MEW (Middle European Woods) dataset [32] is a large dataset which contains 153 kinds of Middle European woody plants and a total of 9745 samples. In these experiments, we only selected 50 sample images for each species, 30 samples for training and 20 samples for testing.

Flavia dataset, Swedish dataset, LZU dataset, ICL dataset and MEW dataset are used to evaluate the proposed method. We mainly use ICL dataset and MEW dataset for parameter setting.

4.2 Effect of number of Candidate Classes C

From [19] and [33], the number of candidate classes C can be half or one-third of the number of species in the dataset. In fact, the size of number C affects the complexity of the model and the training time. Hence, it is very important to determine the number of candidate species. We use Flavia dataset, LZU dataset, MEW dataset and ICL dataset to test the impact of the number of candidate classes on identification accuracy respectively. Set the number of candidate classes C as [T / 3, T / 2] in MEW dataset and ICL dataset. Set [T / 3, T] in Flavia dataset and LZU dataset, where T is the total number of species in the dataset. We discuss the impact of the number of C by the proposed method in two situations: (1) five-fold cross validation, i.e., divide all the data into 5 parts, take one part for testing and the rest of 4 parts for training each time. A total of five tests and the results are averaged; (2) ten-fold cross validation, i.e., divide all the data into 10 parts, take one part for testing and the rest of 9 parts for training each time.
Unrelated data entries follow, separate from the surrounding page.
(* Let $c>0$ and $\alpha>-\frac12$ be real numbers and let $n\ge0$ be an integer such that $\chi_{n,\alpha}(c)\ge 6\,\frac{\alpha+1}{\alpha+3}$ and $q=\frac{c^2}{\chi_{n,\alpha}(c)}$ satisfies $q\le\frac12+\alpha$ if $-\frac12<\alpha\le 0$, and $q\le\min\left(1,\frac12+\alpha\right)$ if $\alpha>0$. Then $$\sup_{t\in[-1,1]}|\varphi_{n,c}^{\alpha}(t)|=|\varphi_{n,c}^{\alpha}(1)|\le 3\sqrt{\alpha+1}\,\big(\chi_{n,\alpha}(c)\big)^{\frac{\alpha+1}{2}}.$$
   Context: $\omega_\alpha(t)=(1-t^2)^\alpha$. $\varphi_{n,c}^{\alpha}$ is the eigenfunction, normalized by $\int_{-1}^1(\varphi_{n,c}^\alpha)^2\omega_\alpha=1$, of the operator $\mathcal L_c^{\alpha}f(x)=\int_{-1}^1 e^{cxy}f(y)\omega_\alpha(y)\,dy$ on $L^2([-1,1],\omega_\alpha)$ associated with its $(n+1)$-th largest eigenvalue (eigenvalues indexed from $n=0$ in decreasing order). The functions $\varphi_{n,c}^\alpha$ are also the eigenfunctions of the Sturm–Liouville operator $-\mathcal D_c^\alpha$, and $\chi_{n,\alpha}(c)$ is the corresponding eigenvalue: $-\frac{d}{dx}\big[\omega_\alpha(x)(1-x^2)(\varphi_{n,c}^\alpha)'(x)\big]-c^2x^2\omega_\alpha(x)\varphi_{n,c}^\alpha(x)=\chi_{n,\alpha}(c)\,\omega_\alpha(x)\varphi_{n,c}^\alpha(x)$ for $x\in(-1,1)$; one has $n(n+2\alpha+1)-c^2\le\chi_{n,\alpha}(c)\le n(n+2\alpha+1)$. *)

theory Defs
  imports "HOL-Analysis.Analysis"
begin

text \<open>Jacobi weight \<open>\<omega>_\<alpha>(t) = (1 - t^2)^\<alpha>\<close> (powr; the value at t = +-1 is irrelevant, measure zero).\<close>
definition jweight :: "real \<Rightarrow> real \<Rightarrow> real" where
  "jweight \<alpha> t = (1 - t\<^sup>2) powr \<alpha>"

definition in_L2w :: "real \<Rightarrow> (real \<Rightarrow> real) \<Rightarrow> bool" where
  "in_L2w \<alpha> f \<longleftrightarrow> f \<in> borel_measurable lborel \<and>
     set_integrable lborel {-1..1} (\<lambda>y. (f y)\<^sup>2 * jweight \<alpha> y)"

definition normsq_w :: "real \<Rightarrow> (real \<Rightarrow> real) \<Rightarrow> real" where
  "normsq_w \<alpha> f = (LINT y:{-1..1}|lborel. (f y)\<^sup>2 * jweight \<alpha> y)"

definition Lop :: "real \<Rightarrow> real \<Rightarrow> (real \<Rightarrow> real) \<Rightarrow> real \<Rightarrow> real" where
  "Lop c \<alpha> f x = (LINT y:{-1..1}|lborel. exp (c * x * y) * f y * jweight \<alpha> y)"

text \<open>f is an eigenfunction of L_c^\<alpha> with eigenvalue \<mu> (f nonzero in L^2, the
  identity holding pointwise on [-1,1], i.e. f is the continuous representative).\<close>
definition is_eigenfun :: "real \<Rightarrow> real \<Rightarrow> real \<Rightarrow> (real \<Rightarrow> real) \<Rightarrow> bool" where
  "is_eigenfun c \<alpha> \<mu> f \<longleftrightarrow> in_L2w \<alpha> f \<and> normsq_w \<alpha> f > 0 \<and>
     (\<forall>x\<in>{-1..1}. Lop c \<alpha> f x = \<mu> * f x)"

definition eigenvalues_L :: "real \<Rightarrow> real \<Rightarrow> real set" where
  "eigenvalues_L c \<alpha> = {\<mu>. \<exists>f. is_eigenfun c \<alpha> \<mu> f}"

text \<open>\<mu> is the (n+1)-th largest eigenvalue (index n, from 0): exactly n eigenvalues exceed it.\<close>
definition nth_eigenvalue_L :: "real \<Rightarrow> real \<Rightarrow> nat \<Rightarrow> real \<Rightarrow> bool" where
  "nth_eigenvalue_L c \<alpha> n \<mu> \<longleftrightarrow> \<mu> \<in> eigenvalues_L c \<alpha> \<and>
     finite {\<nu>\<in>eigenvalues_L c \<alpha>. \<nu> > \<mu>} \<and> card {\<nu>\<in>eigenvalues_L c \<alpha>. \<nu> > \<mu>} = n"

definition is_phi :: "real \<Rightarrow> real \<Rightarrow> nat \<Rightarrow> (real \<Rightarrow> real) \<Rightarrow> bool" where
  "is_phi c \<alpha> n \<phi> \<longleftrightarrow> (\<exists>\<mu>. nth_eigenvalue_L c \<alpha> n \<mu> \<and> is_eigenfun c \<alpha> \<mu> \<phi>) \<and>
     normsq_w \<alpha> \<phi> = 1"

definition SL_eigenvalue :: "real \<Rightarrow> real \<Rightarrow> (real \<Rightarrow> real) \<Rightarrow> real \<Rightarrow> bool" where
  "SL_eigenvalue c \<alpha> \<phi> chi \<longleftrightarrow> (\<exists>dphi D. \<forall>x\<in>{-1<..<1}.
     (\<phi> has_real_derivative dphi x) (at x) \<and>
     ((\<lambda>t. jweight \<alpha> t * (1 - t\<^sup>2) * dphi t) has_real_derivative D x) (at x) \<and>
     - D x - c\<^sup>2 * x\<^sup>2 * jweight \<alpha> x * \<phi> x = chi * jweight \<alpha> x * \<phi> x)"

end

theory Submission
  imports Defs
begin

text \<open>
  Since \<open>L\<close> has an entire kernel, \<open>\<phi> = L \<phi> / \<mu>\<close> is the restriction of an entire function
  \<open>f\<close>; here \<open>\<mu> \<noteq> 0\<close>, for otherwise all moments of \<open>\<phi> \<omega>\<^sub>\<alpha>\<close> vanish and \<open>\<phi> = 0\<close>.
  The Sturm-Liouville equation turns into
  \<open>(1 - x\<^sup>2) f'' - 2(\<alpha> + 1) x f' + (chi + c\<^sup>2 x\<^sup>2) f = 0\<close> on \<open>(-1, 1)\<close>.
  By Abel's identity the Wronskian of \<open>f(x)\<close> and \<open>f(-x)\<close>, weighted by
  \<open>(1 - x\<^sup>2)\<^sup>\<alpha>\<^sup>+\<^sup>1\<close>, is constant and tends to \<open>0\<close> at \<open>1\<close>, so \<open>f(0) f'(0) = 0\<close> and \<open>f\<close> is even
  or odd. If \<open>c\<^sup>2 \<le> (2\<alpha> + 1) chi\<close>, the Sonin function
  \<open>f\<^sup>2 + (1 - x\<^sup>2) f'\<^sup>2 / (chi + c\<^sup>2 x\<^sup>2)\<close> increases on \<open>[0, 1]\<close>, so \<open>|f|\<close> is maximal at \<open>1\<close>.
  Integrating the self-adjoint form of the equation from \<open>t\<close> to \<open>1\<close> bounds \<open>f'(t)\<close>, which gives
  \<open>f(t) \<ge> f(1) (1 - K (1 - t\<^sup>2))\<close> near \<open>1\<close> with \<open>K = (chi + c\<^sup>2) / (4(\<alpha> + 1)) + 1\<close>.
  Inserting this into \<open>\<integral> f\<^sup>2 \<omega>\<^sub>\<alpha> = 1\<close> yields \<open>f(1)\<^sup>2 \<le> (\<alpha> + 1)(\<alpha> + 2)(\<alpha> + 3) K\<^sup>\<alpha>\<^sup>+\<^sup>1\<close>,
  and the hypotheses on \<open>chi\<close> and \<open>c\<^sup>2/chi\<close> bound the right-hand side by \<open>9 (\<alpha> + 1) chi\<^sup>\<alpha>\<^sup>+\<^sup>1\<close>.
\<close>

section \<open>The Jacobi weight\<close>

lemma one_minus_square_pos: "-1 < t \<Longrightarrow> t < 1 \<Longrightarrow> 0 < 1 - t\<^sup>2" for t :: real
  by (simp add: abs_square_less_1 abs_less_iff)

lemma has_real_derivative_one_minus_square_powr:
  assumes "-1 < t" "t < 1"
  shows "((\<lambda>t. (1 - t\<^sup>2) powr b) has_real_derivative b * (1 - t\<^sup>2) powr (b - 1) * (- 2 * t)) (at t)"
  using DERIV_fun_powr[of "\<lambda>t. 1 - t\<^sup>2" "- 2 * t" t b] one_minus_square_pos[OF assms]
  by (auto intro!: derivative_eq_intros)

lemma continuous_on_one_minus_square_powr:
  "b > 0 \<Longrightarrow> continuous_on {-1..1} (\<lambda>t::real. (1 - t\<^sup>2) powr b)"
  by (rule continuous_on_powr') (auto intro!: continuous_intros simp: abs_square_le_1)

lemma one_minus_square_powr_tendsto_0:
  assumes "b > 0"
  shows "((\<lambda>t. (1 - t\<^sup>2) powr b) \<longlongrightarrow> 0) (at_left (1::real))"
proof -
  have "((\<lambda>t. (1 - t\<^sup>2) powr b) \<longlongrightarrow> (1 - 1\<^sup>2) powr b) (at 1 within {-1..1})"
    using continuous_on_one_minus_square_powr[OF assms, unfolded continuous_on_def, rule_format, of 1]
    by simp
  then show ?thesis
    using at_within_Icc_at_left[of "-1::real" 1] by simp
qed

text \<open>Self-adjoint form of the differential operator in the ODE, with weight \<open>(1 - t\<^sup>2)\<^sup>\<alpha>\<close>.\<close>
lemma has_real_derivative_flux:
  assumes "-1 < t" "t < 1" and "(g has_real_derivative g' t) (at t)"
  shows "((\<lambda>t. (1 - t\<^sup>2) powr (\<alpha> + 1) * g t) has_real_derivative
           (1 - t\<^sup>2) powr \<alpha> * ((1 - t\<^sup>2) * g' t - 2 * (\<alpha> + 1) * t * g t)) (at t)"
proof -
  have pw: "(1 - t\<^sup>2) powr (\<alpha> + 1) = (1 - t\<^sup>2) powr \<alpha> * (1 - t\<^sup>2)"
    using one_minus_square_pos[OF assms(1,2)] by (simp add: powr_add)
  have deriv_eq: "(\<alpha> + 1) * (1 - t\<^sup>2) powr (\<alpha> + 1 - 1) * (- 2 * t) * g t + g' t * (1 - t\<^sup>2) powr (\<alpha> + 1)
      = (1 - t\<^sup>2) powr \<alpha> * ((1 - t\<^sup>2) * g' t - 2 * (\<alpha> + 1) * t * g t)"
    unfolding pw by (simp add: algebra_simps)
  have "((\<lambda>t. (1 - t\<^sup>2) powr (\<alpha> + 1) * g t) has_real_derivative
      (\<alpha> + 1) * (1 - t\<^sup>2) powr (\<alpha> + 1 - 1) * (- 2 * t) * g t + g' t * (1 - t\<^sup>2) powr (\<alpha> + 1)) (at t)"
    using has_real_derivative_one_minus_square_powr[OF assms(1,2)] assms(3) by (rule DERIV_mult)
  then show ?thesis
    unfolding deriv_eq .
qed

lemma jweight_nonneg: "0 \<le> jweight \<alpha> t"
  by (simp add: jweight_def)

lemma jweight_pos: "-1 < t \<Longrightarrow> t < 1 \<Longrightarrow> 0 < jweight \<alpha> t"
  using one_minus_square_pos[of t] by (simp add: jweight_def)

lemma continuous_on_jweight: "continuous_on {-1<..<1} (jweight \<alpha>)"
proof -
  have "0 \<le> 1 - t\<^sup>2 \<and> (1 - t\<^sup>2 = 0 \<longrightarrow> 0 < \<alpha>)" if "t \<in> {-1<..<1}" for t :: real
    using that one_minus_square_pos[of t] by simp
  then show ?thesis
    unfolding jweight_def by (intro continuous_on_powr' continuous_intros) auto
qed

lemma borel_measurable_jweight [measurable]: "jweight \<alpha> \<in> borel_measurable borel"
  unfolding jweight_def by measurable

lemma jweight_le_sum:
  assumes "-1 < t" "t < 1"
  shows "jweight \<alpha> t \<le> (1 - t) powr \<alpha> + (1 + t) powr \<alpha>"
proof -
  have pos: "0 < 1 - t" "0 < 1 + t" using assms by auto
  have factor: "jweight \<alpha> t = (1 - t) powr \<alpha> * (1 + t) powr \<alpha>"
    using pos by (simp add: jweight_def powr_mult[symmetric] power2_eq_square algebra_simps)
  have "(1 - t) powr \<alpha> \<le> 1 \<or> (1 + t) powr \<alpha> \<le> 1"
  proof (cases "0 \<le> \<alpha>"; cases "0 \<le> t")
    assume "0 \<le> \<alpha>" "0 \<le> t"
    then show ?thesis using powr_mono2[of \<alpha> "1 - t" 1] pos by auto
  next
    assume "0 \<le> \<alpha>" "\<not> 0 \<le> t"
    then show ?thesis using powr_mono2[of \<alpha> "1 + t" 1] pos by auto
  next
    assume "\<not> 0 \<le> \<alpha>" "0 \<le> t"
    then show ?thesis using powr_mono2'[of \<alpha> 1 "1 + t"] by auto
  next
    assume "\<not> 0 \<le> \<alpha>" "\<not> 0 \<le> t"
    then show ?thesis using powr_mono2'[of \<alpha> 1 "1 - t"] by auto
  qed
  then show ?thesis
    unfolding factor by (auto intro: order_trans[OF mult_left_le_one_le] order_trans[OF mult_right_le_one_le])
qed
A total of ten tests and the results are averaged. The results of four datasets are shown in Fig. 8.

As shown in Fig. 8a–c, the number of candidate classes C in the Flavia dataset, LZU dataset and MEW dataset has little effect on the recognition accuracy. However, in the ICL dataset, the recognition accuracy decreases as the number of candidate classes increases. When there are 70 kinds of candidate classes, the accuracy can reach 96%, but when the number of candidate classes is 100, the accuracy is 93.5%. At the same time, considering that the complexity will decrease with the decrease in the number of candidate classes, we select approximately one third of the number of total species as the number of candidate species.

4.3 Effect of threshold

Sobel and Canny operators are very important operators in pixel image edge detection. The edge images extracted by Sobel and Canny operators with different thresholds are different, which affects the similarity results of the calculation by Jaccard coefficients. We observe the influence of the change between the Sobel and Canny operator and the difference of the threshold on the recognition accuracy by changing the thresholds of the Sobel and Canny operators respectively. We set the threshold as 0.01p, $p\in [1,20]$. And we choose the Flavia dataset for testing as shown in Fig. 9.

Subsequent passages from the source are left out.